- [Exercise] Word for word, set down the entries below.

- [Dataset records]
<<<<

(* There is an isomorphism of categories $\widehat{\mathfrak{Sur}}_n\cong{}_{\mathbb Z}\mathfrak{Laby}_n$, which is the identity on objects and sends a correspondence $[Y\xleftarrow{\phi_\ast}U\xrightarrow{\phi^\ast}X]$ to the pure maze $X\to Y$ having, for each $x\in X$ and $y\in Y$, exactly $|(\phi^\ast,\phi_\ast)^{-1}(x,y)|$ passages from $x$ to $y$.
   Context: $\mathfrak{Sur}$ is the category of finite sets and surjections. $\widehat{\mathfrak{Sur}}$: objects finite sets (and their formal direct sums); $\widehat{\mathfrak{Sur}}(X,Y)$ is the free abelian group on isomorphism classes (over $X$ and $Y$) of correspondences $Y\xleftarrow{}U\xrightarrow{}X$ with both maps surjective; composition of $Z\leftarrow V\to Y$ with $Y\leftarrow U\to X$ is the sum over weak pull-backs, i.e. over all subsets $W\subseteq V\times_YU$ such that both projections $W\to V$ and $W\to U$ are surjective, of $Z\leftarrow W\to X$. $\widehat{\mathfrak{Sur}}_n$ is the quotient category in which every correspondence $Y\leftarrow U\to X$ with $|U|>n$ is set to $0$. Over the base ring $\mathbb Z$: a passage $p\colon x\to y$ carries a label $\overline p\in\mathbb Z$; a maze $P\colon X\to Y$ between finite sets is a finite multi-set of passages with every element of $X$ a source and every element of $Y$ a target; pure means all labels equal $1$. ${}_{\mathbb Z}\mathfrak{Laby}$: objects formal finite direct sums of finite sets; morphisms generated by mazes modulo $P\cup\{x\xrightarrow0y\}=0$ and $P\cup\{x\xrightarrow{a+b}y\}=P\cup\{x\xrightarrow ay\}+P\cup\{x\xrightarrow by\}+P\cup\{x\xrightarrow ay,x\xrightarrow by\}$; composition $P\circ Q=\sum_{U\sqsubseteq P\boxtimes Q}U$ ($U$ a sub-multi-set of composable pairs using every passage occurrence of $P$ and $Q$, read as the maze with passages $x\xrightarrow{\overline p\overline q}z$). ${}_{\mathbb Z}\mathfrak{Laby}_n$: quotient by $P=0$ if $|P|>n$ and $P=\sum_d\prod_p\binom{\overline p}{d_p}I_d$ ($d_p\ge1$ on passage occurrences; $I_d$ has $d_p$ label-$1$ passages from source to target of $p$). *)

theory Defs
  imports Main "HOL-Library.Poly_Mapping" "HOL-Library.Product_Lexorder"
begin

text \<open>The quotient of the free category by a set of relations R is the quotient by
  the smallest subgroup containing R and closed under composition on either
  side with arbitrary generators (i.e. the categorical ideal generated by R).\<close>

inductive_set gen_ideal ::
  "(('g \<Rightarrow>\<^sub>0 int) \<Rightarrow> ('g \<Rightarrow>\<^sub>0 int) \<Rightarrow> ('g \<Rightarrow>\<^sub>0 int)) \<Rightarrow> ('g \<Rightarrow>\<^sub>0 int) set \<Rightarrow> ('g \<Rightarrow>\<^sub>0 int) set"
  for comp R where
  gen_base: "r \<in> R \<Longrightarrow> r \<in> gen_ideal comp R"
| gen_zero: "0 \<in> gen_ideal comp R"
| gen_diff: "a \<in> gen_ideal comp R \<Longrightarrow> b \<in> gen_ideal comp R \<Longrightarrow> a - b \<in> gen_ideal comp R"
| gen_left: "a \<in> gen_ideal comp R \<Longrightarrow> comp (frag_of g) a \<in> gen_ideal comp R"
| gen_right: "a \<in> gen_ideal comp R \<Longrightarrow> comp a (frag_of g) \<in> gen_ideal comp R"

text \<open>Bilinear extension of a composition defined on generators.
  bilin c a b = a o b (b is applied first).\<close>
definition bilin :: "('g \<Rightarrow> 'g \<Rightarrow> ('g \<Rightarrow>\<^sub>0 int)) \<Rightarrow> ('g \<Rightarrow>\<^sub>0 int) \<Rightarrow> ('g \<Rightarrow>\<^sub>0 int) \<Rightarrow> ('g \<Rightarrow>\<^sub>0 int)" where
  "bilin c a b = frag_extend (\<lambda>p. frag_extend (\<lambda>q. c p q) b) a"

definition enum_set :: "'a set \<Rightarrow> 'a list" where
  "enum_set X = (SOME xs. distinct xs \<and> set xs = X)"

text \<open>A correspondence Y <-phi_* U -phi^*-> X is encoded as a list c of pairs:
  U = {..<length c}, phi^* i = fst (c!i) (in X), phi_* i = snd (c!i) (in Y).
  X and Y are the images, so both maps are surjective by construction.\<close>
type_synonym 'a corr = "('a \<times> 'a) list"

>>>>

- [Written response]
(* There is an isomorphism of categories $\widehat{\mathfrak{Sur}}_n\cong{}_{\mathbb Z}\mathfrak{Laby}_n$, which is the identity on objects and sends a correspondence $[Y\xleftarrow{\phi_\ast}U\xrightarrow{\phi^\ast}X]$ to the pure maze $X\to Y$ having, for each $x\in X$ and $y\in Y$, exactly $|(\phi^\ast,\phi_\ast)^{-1}(x,y)|$ passages from $x$ to $y$.
   Context: $\mathfrak{Sur}$ is the category of finite sets and surjections. $\widehat{\mathfrak{Sur}}$: objects finite sets (and their formal direct sums); $\widehat{\mathfrak{Sur}}(X,Y)$ is the free abelian group on isomorphism classes (over $X$ and $Y$) of correspondences $Y\xleftarrow{}U\xrightarrow{}X$ with both maps surjective; composition of $Z\leftarrow V\to Y$ with $Y\leftarrow U\to X$ is the sum over weak pull-backs, i.e. over all subsets $W\subseteq V\times_YU$ such that both projections $W\to V$ and $W\to U$ are surjective, of $Z\leftarrow W\to X$. $\widehat{\mathfrak{Sur}}_n$ is the quotient category in which every correspondence $Y\leftarrow U\to X$ with $|U|>n$ is set to $0$. Over the base ring $\mathbb Z$: a passage $p\colon x\to y$ carries a label $\overline p\in\mathbb Z$; a maze $P\colon X\to Y$ between finite sets is a finite multi-set of passages with every element of $X$ a source and every element of $Y$ a target; pure means all labels equal $1$. ${}_{\mathbb Z}\mathfrak{Laby}$: objects formal finite direct sums of finite sets; morphisms generated by mazes modulo $P\cup\{x\xrightarrow0y\}=0$ and $P\cup\{x\xrightarrow{a+b}y\}=P\cup\{x\xrightarrow ay\}+P\cup\{x\xrightarrow by\}+P\cup\{x\xrightarrow ay,x\xrightarrow by\}$; composition $P\circ Q=\sum_{U\sqsubseteq P\boxtimes Q}U$ ($U$ a sub-multi-set of composable pairs using every passage occurrence of $P$ and $Q$, read as the maze with passages $x\xrightarrow{\overline p\overline q}z$). ${}_{\mathbb Z}\mathfrak{Laby}_n$: quotient by $P=0$ if $|P|>n$ and $P=\sum_d\prod_p\binom{\overline p}{d_p}I_d$ ($d_p\ge1$ on passage occurrences; $I_d$ has $d_p$ label-$1$ passages from source to target of $p$). *)

theory Defs
  imports Main "HOL-Library.Poly_Mapping" "HOL-Library.Product_Lexorder"
begin

text \<open>The quotient of the free category by a set of relations R is the quotient by
  the smallest subgroup containing R and closed under composition on either
  side with arbitrary generators (i.e. the categorical ideal generated by R).\<close>

inductive_set gen_ideal ::
  "(('g \<Rightarrow>\<^sub>0 int) \<Rightarrow> ('g \<Rightarrow>\<^sub>0 int) \<Rightarrow> ('g \<Rightarrow>\<^sub>0 int)) \<Rightarrow> ('g \<Rightarrow>\<^sub>0 int) set \<Rightarrow> ('g \<Rightarrow>\<^sub>0 int) set"
  for comp R where
  gen_base: "r \<in> R \<Longrightarrow> r \<in> gen_ideal comp R"
| gen_zero: "0 \<in> gen_ideal comp R"
| gen_diff: "a \<in> gen_ideal comp R \<Longrightarrow> b \<in> gen_ideal comp R \<Longrightarrow> a - b \<in> gen_ideal comp R"
| gen_left: "a \<in> gen_ideal comp R \<Longrightarrow> comp (frag_of g) a \<in> gen_ideal comp R"
| gen_right: "a \<in> gen_ideal comp R \<Longrightarrow> comp a (frag_of g) \<in> gen_ideal comp R"

text \<open>Bilinear extension of a composition defined on generators.
  bilin c a b = a o b (b is applied first).\<close>
definition bilin :: "('g \<Rightarrow> 'g \<Rightarrow> ('g \<Rightarrow>\<^sub>0 int)) \<Rightarrow> ('g \<Rightarrow>\<^sub>0 int) \<Rightarrow> ('g \<Rightarrow>\<^sub>0 int) \<Rightarrow> ('g \<Rightarrow>\<^sub>0 int)" where
  "bilin c a b = frag_extend (\<lambda>p. frag_extend (\<lambda>q. c p q) b) a"

definition enum_set :: "'a set \<Rightarrow> 'a list" where
  "enum_set X = (SOME xs. distinct xs \<and> set xs = X)"

text \<open>A correspondence Y <-phi_* U -phi^*-> X is encoded as a list c of pairs:
  U = {..<length c}, phi^* i = fst (c!i) (in X), phi_* i = snd (c!i) (in Y).
  X and Y are the images, so both maps are surjective by construction.\<close>
type_synonym 'a corr = "('a \<times> 'a) list"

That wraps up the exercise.